§ **Task prompt**
Within the data that follows, set down exactly the lines from the one containing "B ** B = mat" through the one containing "using lam_pos by (simp add: less_imp_le)", both ends included.

*** Begin section ***

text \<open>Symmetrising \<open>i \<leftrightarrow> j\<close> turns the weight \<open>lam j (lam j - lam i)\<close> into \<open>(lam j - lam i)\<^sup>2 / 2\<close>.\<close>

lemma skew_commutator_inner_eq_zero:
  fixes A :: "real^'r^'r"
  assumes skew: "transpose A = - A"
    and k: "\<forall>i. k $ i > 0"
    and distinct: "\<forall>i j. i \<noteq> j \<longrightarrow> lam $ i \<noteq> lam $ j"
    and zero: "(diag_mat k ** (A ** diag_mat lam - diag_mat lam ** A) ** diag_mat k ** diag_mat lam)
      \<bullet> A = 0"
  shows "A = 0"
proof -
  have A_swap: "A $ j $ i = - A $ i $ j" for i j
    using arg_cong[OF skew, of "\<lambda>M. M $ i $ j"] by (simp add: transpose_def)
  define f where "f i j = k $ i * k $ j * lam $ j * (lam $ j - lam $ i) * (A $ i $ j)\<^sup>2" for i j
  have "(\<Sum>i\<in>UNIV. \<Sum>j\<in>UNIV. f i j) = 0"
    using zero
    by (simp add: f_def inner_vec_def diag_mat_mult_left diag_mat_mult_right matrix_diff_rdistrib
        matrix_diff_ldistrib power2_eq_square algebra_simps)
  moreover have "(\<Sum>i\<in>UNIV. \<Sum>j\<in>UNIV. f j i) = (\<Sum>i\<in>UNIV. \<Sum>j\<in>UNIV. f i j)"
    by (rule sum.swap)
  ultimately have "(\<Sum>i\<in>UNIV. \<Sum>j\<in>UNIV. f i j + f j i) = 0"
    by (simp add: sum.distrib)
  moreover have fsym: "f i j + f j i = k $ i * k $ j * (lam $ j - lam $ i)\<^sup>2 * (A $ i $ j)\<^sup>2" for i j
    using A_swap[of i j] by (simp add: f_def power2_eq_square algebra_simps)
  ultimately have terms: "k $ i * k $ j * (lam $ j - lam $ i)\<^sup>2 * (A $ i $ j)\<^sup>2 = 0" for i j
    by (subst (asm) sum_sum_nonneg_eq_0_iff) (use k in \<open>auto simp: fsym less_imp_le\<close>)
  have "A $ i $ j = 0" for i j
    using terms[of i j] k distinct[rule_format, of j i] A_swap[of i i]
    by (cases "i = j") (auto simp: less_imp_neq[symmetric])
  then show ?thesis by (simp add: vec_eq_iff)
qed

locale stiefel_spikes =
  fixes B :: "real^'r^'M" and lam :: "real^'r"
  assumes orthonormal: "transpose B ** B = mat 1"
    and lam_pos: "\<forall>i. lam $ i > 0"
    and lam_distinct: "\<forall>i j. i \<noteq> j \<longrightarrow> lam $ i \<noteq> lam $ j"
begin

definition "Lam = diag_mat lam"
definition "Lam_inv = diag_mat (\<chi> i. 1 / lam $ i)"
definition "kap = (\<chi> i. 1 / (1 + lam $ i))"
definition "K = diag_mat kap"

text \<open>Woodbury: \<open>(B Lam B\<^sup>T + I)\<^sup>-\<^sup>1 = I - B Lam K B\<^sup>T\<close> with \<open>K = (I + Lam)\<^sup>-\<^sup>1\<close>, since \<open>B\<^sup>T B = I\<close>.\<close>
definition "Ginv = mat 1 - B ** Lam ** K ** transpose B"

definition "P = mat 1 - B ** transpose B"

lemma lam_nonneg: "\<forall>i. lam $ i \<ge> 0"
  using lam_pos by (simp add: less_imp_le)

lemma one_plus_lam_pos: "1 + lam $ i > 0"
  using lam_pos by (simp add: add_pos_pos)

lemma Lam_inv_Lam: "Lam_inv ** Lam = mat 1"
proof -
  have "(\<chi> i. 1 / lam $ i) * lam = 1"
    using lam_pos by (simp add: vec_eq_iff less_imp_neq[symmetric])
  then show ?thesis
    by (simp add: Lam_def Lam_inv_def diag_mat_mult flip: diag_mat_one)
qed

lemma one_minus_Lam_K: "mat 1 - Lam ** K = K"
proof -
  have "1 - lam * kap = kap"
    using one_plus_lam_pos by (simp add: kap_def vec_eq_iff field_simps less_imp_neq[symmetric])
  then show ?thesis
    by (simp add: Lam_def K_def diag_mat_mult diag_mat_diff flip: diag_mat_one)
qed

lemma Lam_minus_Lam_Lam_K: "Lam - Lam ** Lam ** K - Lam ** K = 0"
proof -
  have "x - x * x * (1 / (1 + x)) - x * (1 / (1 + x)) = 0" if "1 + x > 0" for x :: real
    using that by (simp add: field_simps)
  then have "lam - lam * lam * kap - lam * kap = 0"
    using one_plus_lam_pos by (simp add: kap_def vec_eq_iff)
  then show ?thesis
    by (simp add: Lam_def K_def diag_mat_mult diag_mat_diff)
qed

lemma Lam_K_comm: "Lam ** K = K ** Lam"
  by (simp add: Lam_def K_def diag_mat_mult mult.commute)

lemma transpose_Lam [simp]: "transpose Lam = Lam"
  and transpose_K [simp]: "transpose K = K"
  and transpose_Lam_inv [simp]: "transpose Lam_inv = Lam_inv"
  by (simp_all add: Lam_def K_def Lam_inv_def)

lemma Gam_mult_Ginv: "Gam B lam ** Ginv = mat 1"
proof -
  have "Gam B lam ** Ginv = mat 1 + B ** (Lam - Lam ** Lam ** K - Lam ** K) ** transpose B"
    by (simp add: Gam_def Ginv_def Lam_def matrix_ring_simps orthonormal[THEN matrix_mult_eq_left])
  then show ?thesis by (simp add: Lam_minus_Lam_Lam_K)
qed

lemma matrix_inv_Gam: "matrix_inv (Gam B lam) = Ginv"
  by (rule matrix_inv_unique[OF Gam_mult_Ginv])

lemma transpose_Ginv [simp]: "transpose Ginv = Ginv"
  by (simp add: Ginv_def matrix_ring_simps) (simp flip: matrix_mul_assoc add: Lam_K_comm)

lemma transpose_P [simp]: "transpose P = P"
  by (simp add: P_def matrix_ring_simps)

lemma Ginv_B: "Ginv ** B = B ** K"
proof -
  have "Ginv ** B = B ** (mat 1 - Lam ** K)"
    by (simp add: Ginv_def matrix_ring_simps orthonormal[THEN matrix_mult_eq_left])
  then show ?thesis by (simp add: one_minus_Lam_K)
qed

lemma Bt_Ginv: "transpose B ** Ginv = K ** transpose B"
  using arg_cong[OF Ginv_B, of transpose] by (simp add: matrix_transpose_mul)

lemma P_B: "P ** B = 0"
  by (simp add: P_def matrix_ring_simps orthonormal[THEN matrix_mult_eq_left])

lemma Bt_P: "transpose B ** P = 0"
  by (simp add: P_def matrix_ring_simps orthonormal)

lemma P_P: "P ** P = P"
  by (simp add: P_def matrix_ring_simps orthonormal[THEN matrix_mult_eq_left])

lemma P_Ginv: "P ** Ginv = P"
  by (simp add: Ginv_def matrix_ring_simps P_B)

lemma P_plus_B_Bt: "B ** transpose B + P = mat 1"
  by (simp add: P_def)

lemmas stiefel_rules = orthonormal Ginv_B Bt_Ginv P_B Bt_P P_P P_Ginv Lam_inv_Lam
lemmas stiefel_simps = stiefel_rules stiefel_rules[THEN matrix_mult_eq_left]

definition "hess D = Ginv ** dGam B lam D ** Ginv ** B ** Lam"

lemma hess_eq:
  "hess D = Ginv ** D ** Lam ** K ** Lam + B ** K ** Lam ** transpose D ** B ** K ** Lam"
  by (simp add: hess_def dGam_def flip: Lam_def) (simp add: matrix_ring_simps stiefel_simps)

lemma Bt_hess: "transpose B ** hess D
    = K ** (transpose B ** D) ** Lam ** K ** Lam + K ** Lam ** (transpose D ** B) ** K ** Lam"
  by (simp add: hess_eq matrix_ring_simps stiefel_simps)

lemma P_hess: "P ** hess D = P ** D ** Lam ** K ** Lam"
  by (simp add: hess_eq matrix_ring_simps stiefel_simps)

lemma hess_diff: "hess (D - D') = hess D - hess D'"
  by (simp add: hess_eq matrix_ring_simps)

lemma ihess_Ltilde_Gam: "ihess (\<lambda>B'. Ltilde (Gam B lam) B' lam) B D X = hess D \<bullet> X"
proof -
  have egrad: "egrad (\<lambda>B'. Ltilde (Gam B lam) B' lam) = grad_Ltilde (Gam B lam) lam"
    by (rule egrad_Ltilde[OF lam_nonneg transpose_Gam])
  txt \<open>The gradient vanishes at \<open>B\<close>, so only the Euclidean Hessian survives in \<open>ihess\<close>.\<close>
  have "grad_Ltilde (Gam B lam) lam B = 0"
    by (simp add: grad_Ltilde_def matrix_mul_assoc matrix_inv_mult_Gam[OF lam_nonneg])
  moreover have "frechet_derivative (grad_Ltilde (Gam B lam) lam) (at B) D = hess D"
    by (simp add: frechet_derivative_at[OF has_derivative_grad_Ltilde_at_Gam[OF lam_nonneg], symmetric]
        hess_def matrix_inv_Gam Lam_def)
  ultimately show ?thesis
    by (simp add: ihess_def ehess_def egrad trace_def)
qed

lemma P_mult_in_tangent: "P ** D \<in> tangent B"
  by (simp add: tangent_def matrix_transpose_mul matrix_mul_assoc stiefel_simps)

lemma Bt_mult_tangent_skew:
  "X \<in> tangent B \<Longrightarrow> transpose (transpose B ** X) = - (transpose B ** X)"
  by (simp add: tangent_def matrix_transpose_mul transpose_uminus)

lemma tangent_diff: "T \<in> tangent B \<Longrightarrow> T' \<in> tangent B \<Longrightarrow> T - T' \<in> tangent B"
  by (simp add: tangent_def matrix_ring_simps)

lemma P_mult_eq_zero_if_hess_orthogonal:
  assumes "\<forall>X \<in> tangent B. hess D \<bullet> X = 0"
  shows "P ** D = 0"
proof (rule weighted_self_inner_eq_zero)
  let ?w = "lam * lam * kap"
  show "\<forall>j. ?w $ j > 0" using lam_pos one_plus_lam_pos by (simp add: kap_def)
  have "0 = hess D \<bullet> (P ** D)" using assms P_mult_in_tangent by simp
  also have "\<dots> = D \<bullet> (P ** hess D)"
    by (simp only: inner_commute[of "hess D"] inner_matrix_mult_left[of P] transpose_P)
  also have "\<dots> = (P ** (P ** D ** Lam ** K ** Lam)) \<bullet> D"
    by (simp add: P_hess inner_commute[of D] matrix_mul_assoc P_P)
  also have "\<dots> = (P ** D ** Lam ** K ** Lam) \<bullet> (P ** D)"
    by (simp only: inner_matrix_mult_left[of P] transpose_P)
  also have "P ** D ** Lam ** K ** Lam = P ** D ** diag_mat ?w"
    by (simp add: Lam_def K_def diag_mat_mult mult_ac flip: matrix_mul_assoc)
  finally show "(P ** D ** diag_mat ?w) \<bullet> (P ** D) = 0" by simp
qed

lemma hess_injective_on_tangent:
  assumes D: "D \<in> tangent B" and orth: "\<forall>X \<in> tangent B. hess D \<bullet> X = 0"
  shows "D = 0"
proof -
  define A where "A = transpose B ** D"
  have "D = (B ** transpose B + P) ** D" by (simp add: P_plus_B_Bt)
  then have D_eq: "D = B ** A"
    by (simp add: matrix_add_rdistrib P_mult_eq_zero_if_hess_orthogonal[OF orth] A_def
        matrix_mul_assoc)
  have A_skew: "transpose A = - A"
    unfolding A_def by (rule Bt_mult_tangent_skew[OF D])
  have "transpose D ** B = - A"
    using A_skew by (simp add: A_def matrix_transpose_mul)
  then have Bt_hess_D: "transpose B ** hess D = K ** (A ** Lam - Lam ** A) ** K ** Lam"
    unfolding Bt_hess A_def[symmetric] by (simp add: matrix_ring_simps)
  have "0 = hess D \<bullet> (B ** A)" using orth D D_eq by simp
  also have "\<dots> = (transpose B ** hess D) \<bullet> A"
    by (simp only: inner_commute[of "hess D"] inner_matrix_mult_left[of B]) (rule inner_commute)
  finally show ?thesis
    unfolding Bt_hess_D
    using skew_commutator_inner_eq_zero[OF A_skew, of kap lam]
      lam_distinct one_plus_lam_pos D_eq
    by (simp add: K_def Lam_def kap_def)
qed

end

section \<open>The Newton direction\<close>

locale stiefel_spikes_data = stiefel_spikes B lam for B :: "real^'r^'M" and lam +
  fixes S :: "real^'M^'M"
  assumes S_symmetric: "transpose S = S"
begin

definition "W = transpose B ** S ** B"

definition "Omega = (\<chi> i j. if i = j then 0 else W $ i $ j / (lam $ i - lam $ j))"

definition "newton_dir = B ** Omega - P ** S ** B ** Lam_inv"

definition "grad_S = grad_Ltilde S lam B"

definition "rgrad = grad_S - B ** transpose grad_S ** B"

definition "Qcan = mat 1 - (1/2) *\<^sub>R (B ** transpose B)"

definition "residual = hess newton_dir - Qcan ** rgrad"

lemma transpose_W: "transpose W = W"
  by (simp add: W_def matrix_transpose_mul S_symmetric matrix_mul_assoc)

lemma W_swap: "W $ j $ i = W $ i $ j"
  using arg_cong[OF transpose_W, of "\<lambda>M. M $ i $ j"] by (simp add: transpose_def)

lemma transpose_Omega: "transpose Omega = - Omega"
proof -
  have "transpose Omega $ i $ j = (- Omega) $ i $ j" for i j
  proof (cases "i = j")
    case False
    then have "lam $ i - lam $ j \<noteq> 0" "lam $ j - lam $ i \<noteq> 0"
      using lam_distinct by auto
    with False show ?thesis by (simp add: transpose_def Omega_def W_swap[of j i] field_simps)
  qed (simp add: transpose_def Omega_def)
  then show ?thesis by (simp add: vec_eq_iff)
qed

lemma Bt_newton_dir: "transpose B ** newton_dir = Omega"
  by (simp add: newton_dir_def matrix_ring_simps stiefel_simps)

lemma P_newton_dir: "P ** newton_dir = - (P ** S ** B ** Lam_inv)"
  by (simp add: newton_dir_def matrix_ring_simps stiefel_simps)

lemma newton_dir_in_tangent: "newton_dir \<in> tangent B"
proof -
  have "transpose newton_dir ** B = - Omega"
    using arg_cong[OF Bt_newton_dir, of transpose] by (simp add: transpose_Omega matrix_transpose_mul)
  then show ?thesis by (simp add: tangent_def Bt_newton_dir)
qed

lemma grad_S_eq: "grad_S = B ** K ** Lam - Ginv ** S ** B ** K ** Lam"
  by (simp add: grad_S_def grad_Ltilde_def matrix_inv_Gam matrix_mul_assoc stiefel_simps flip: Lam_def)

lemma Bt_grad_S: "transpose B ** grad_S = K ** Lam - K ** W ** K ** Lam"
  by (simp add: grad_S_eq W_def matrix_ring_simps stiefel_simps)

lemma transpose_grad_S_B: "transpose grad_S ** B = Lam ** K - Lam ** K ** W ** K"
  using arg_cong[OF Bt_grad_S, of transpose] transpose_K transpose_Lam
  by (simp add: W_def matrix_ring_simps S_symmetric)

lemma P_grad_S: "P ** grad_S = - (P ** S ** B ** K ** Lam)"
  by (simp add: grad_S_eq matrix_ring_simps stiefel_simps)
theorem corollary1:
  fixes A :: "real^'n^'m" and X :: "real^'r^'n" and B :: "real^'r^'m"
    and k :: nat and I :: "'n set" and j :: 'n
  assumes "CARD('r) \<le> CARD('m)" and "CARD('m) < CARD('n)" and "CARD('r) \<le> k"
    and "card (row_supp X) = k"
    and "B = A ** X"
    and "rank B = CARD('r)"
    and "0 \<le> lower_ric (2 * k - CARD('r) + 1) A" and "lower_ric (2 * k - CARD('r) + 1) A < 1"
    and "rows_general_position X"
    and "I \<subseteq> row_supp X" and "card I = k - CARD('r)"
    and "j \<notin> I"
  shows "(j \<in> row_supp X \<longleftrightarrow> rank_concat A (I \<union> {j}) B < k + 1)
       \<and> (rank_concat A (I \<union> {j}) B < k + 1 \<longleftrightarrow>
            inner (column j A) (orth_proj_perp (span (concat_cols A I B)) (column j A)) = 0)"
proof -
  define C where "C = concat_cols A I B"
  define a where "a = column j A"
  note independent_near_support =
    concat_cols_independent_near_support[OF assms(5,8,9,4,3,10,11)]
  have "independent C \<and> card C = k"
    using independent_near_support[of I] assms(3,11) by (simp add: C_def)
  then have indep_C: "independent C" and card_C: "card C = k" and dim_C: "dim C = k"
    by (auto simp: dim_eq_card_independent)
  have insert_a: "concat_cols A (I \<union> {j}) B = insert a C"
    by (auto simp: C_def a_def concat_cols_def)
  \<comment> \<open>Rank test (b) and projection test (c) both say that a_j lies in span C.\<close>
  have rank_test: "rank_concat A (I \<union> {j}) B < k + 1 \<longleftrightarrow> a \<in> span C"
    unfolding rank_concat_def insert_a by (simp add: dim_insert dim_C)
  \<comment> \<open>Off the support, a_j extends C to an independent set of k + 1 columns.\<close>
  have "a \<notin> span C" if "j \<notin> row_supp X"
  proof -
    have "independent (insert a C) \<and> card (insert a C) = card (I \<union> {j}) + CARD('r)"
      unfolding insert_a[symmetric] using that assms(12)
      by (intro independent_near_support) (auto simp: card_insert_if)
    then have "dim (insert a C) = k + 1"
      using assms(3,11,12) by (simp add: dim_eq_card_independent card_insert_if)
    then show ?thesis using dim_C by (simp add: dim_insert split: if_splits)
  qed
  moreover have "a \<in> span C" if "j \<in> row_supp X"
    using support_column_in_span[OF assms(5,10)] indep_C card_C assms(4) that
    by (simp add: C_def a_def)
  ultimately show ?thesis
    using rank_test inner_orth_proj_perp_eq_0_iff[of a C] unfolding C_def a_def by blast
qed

*** End section ***

§ **Exercise response**
  assumes orthonormal: "transpose B ** B = mat 1"
    and lam_pos: "\<forall>i. lam $ i > 0"
    and lam_distinct: "\<forall>i j. i \<noteq> j \<longrightarrow> lam $ i \<noteq> lam $ j"
begin

definition "Lam = diag_mat lam"
definition "Lam_inv = diag_mat (\<chi> i. 1 / lam $ i)"
definition "kap = (\<chi> i. 1 / (1 + lam $ i))"
definition "K = diag_mat kap"

text \<open>Woodbury: \<open>(B Lam B\<^sup>T + I)\<^sup>-\<^sup>1 = I - B Lam K B\<^sup>T\<close> with \<open>K = (I + Lam)\<^sup>-\<^sup>1\<close>, since \<open>B\<^sup>T B = I\<close>.\<close>
definition "Ginv = mat 1 - B ** Lam ** K ** transpose B"

definition "P = mat 1 - B ** transpose B"

lemma lam_nonneg: "\<forall>i. lam $ i \<ge> 0"
  using lam_pos by (simp add: less_imp_le)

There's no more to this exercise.